▶ **ASSIGNMENT**: For this exercise, restate word for word only the lines from the first line of the data to the line containing "define \<kappa> where".

^^^^^^^^

lemma integrable_nig_tail_kernel:
  fixes \<alpha> \<beta> \<delta> y0 :: real
  assumes \<beta>: "\<bar>\<beta>\<bar> < \<alpha>" and y0: "y0 > 0"
  shows "integrable (lborel \<Otimes>\<^sub>M lborel)
    (\<lambda>(u, t). indicator {y0<..} u * (exp (- u * (sqrt (t\<^sup>2 + \<alpha>\<^sup>2) - \<beta>)) / u * cos (\<delta> * t)))"
proof -
  have \<alpha>: "\<alpha> > 0"
    using \<beta> by linarith
  define \<kappa> where "\<kappa> = (\<alpha> - \<bar>\<beta>\<bar>) / \<alpha>"
  have \<kappa>: "\<kappa> > 0"
    using \<beta> \<alpha> by (simp add: \<kappa>_def)
  define F where "F u t = indicator {y0<..} u * (exp (- u * (sqrt (t\<^sup>2 + \<alpha>\<^sup>2) - \<beta>)) / u * cos (\<delta> * t))"
    for u t :: real
  define g where "g u = indicator {y0<..} u * (exp (- (u - y0) * (\<alpha> - \<bar>\<beta>\<bar>)) / y0)" for u :: real
  define H where "H u t = g u * (exp (- (y0 * \<kappa>) * sqrt (t\<^sup>2 + \<alpha>\<^sup>2)) * cos (0 * t))" for u t :: real
  define I where "I = 2 * \<alpha> * (y0 * \<kappa>) * BesselK1 (\<alpha> * sqrt (0\<^sup>2 + (y0 * \<kappa>)\<^sup>2)) / sqrt (0\<^sup>2 + (y0 * \<kappa>)\<^sup>2)"
  have mF: "(\<lambda>(u, t). F u t) \<in> borel_measurable (lborel \<Otimes>\<^sub>M lborel)"
    unfolding F_def by measurable
  have mH: "(\<lambda>(u, t). H u t) \<in> borel_measurable (lborel \<Otimes>\<^sub>M lborel)"
    unfolding H_def g_def by measurable
  have bound: "\<bar>F u t\<bar> \<le> H u t" for u t
  proof (cases "u > y0")
    case True
    have "\<bar>F u t\<bar> = exp (- u * (sqrt (t\<^sup>2 + \<alpha>\<^sup>2) - \<beta>)) / u * \<bar>cos (\<delta> * t)\<bar>"
      unfolding F_def using True y0 by (simp add: abs_mult)
    also have "\<dots> \<le> exp (- u * (sqrt (t\<^sup>2 + \<alpha>\<^sup>2) - \<beta>)) / u"
      using True y0 by (intro mult_left_le) auto
    also have "\<dots> \<le> H u t"
      using nig_tail_kernel_bound[OF \<beta> y0 True, of t] True unfolding H_def g_def \<kappa>_def by simp
    finally show ?thesis .
  qed (simp add: F_def H_def g_def)
  have H_int: "has_bochner_integral lborel (H u) (g u * I)" for u
    unfolding H_def[abs_def] I_def using y0 \<kappa>
    by (intro has_bochner_integral_mult_right has_bochner_integral_exp_sqrt_cos \<alpha>) simp
  have "integrable lborel g"
  proof (rule Bochner_Integration.integrable_bound)
    show "integrable lborel (\<lambda>u. exp (y0 * (\<alpha> - \<bar>\<beta>\<bar>)) / y0 * (indicator {y0..} u * exp (- (\<alpha> - \<bar>\<beta>\<bar>) * u)))"
      using has_bochner_integral_exp_half_line[of "\<alpha> - \<bar>\<beta>\<bar>" y0] \<beta>
      by (intro integrable_mult_right) (simp add: has_bochner_integral_iff)
    show "g \<in> borel_measurable lborel"
      unfolding g_def by measurable
    have "exp (- (u - y0) * (\<alpha> - \<bar>\<beta>\<bar>)) = exp (y0 * (\<alpha> - \<bar>\<beta>\<bar>)) * exp (- (\<alpha> - \<bar>\<beta>\<bar>) * u)" for u
      by (simp add: exp_add[symmetric] algebra_simps)
    then show "AE u in lborel. norm (g u) \<le>
        norm (exp (y0 * (\<alpha> - \<bar>\<beta>\<bar>)) / y0 * (indicator {y0..} u * exp (- (\<alpha> - \<bar>\<beta>\<bar>) * u)))"
      using y0 by (intro AE_I2) (simp add: g_def indicator_def)
  qed
  then have "integrable lborel (\<lambda>u. g u * I)"
    by simp
  from Fubini_dominated_lborel(1)[OF mF mH bound H_int this] show ?thesis
    unfolding F_def .
qed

^^^^^^^^

▶ **ANSWER**:
lemma integrable_nig_tail_kernel:
  fixes \<alpha> \<beta> \<delta> y0 :: real
  assumes \<beta>: "\<bar>\<beta>\<bar> < \<alpha>" and y0: "y0 > 0"
  shows "integrable (lborel \<Otimes>\<^sub>M lborel)
    (\<lambda>(u, t). indicator {y0<..} u * (exp (- u * (sqrt (t\<^sup>2 + \<alpha>\<^sup>2) - \<beta>)) / u * cos (\<delta> * t)))"
proof -
  have \<alpha>: "\<alpha> > 0"
    using \<beta> by linarith
  define \<kappa> where "\<kappa> = (\<alpha> - \<bar>\<beta>\<bar>) / \<alpha>"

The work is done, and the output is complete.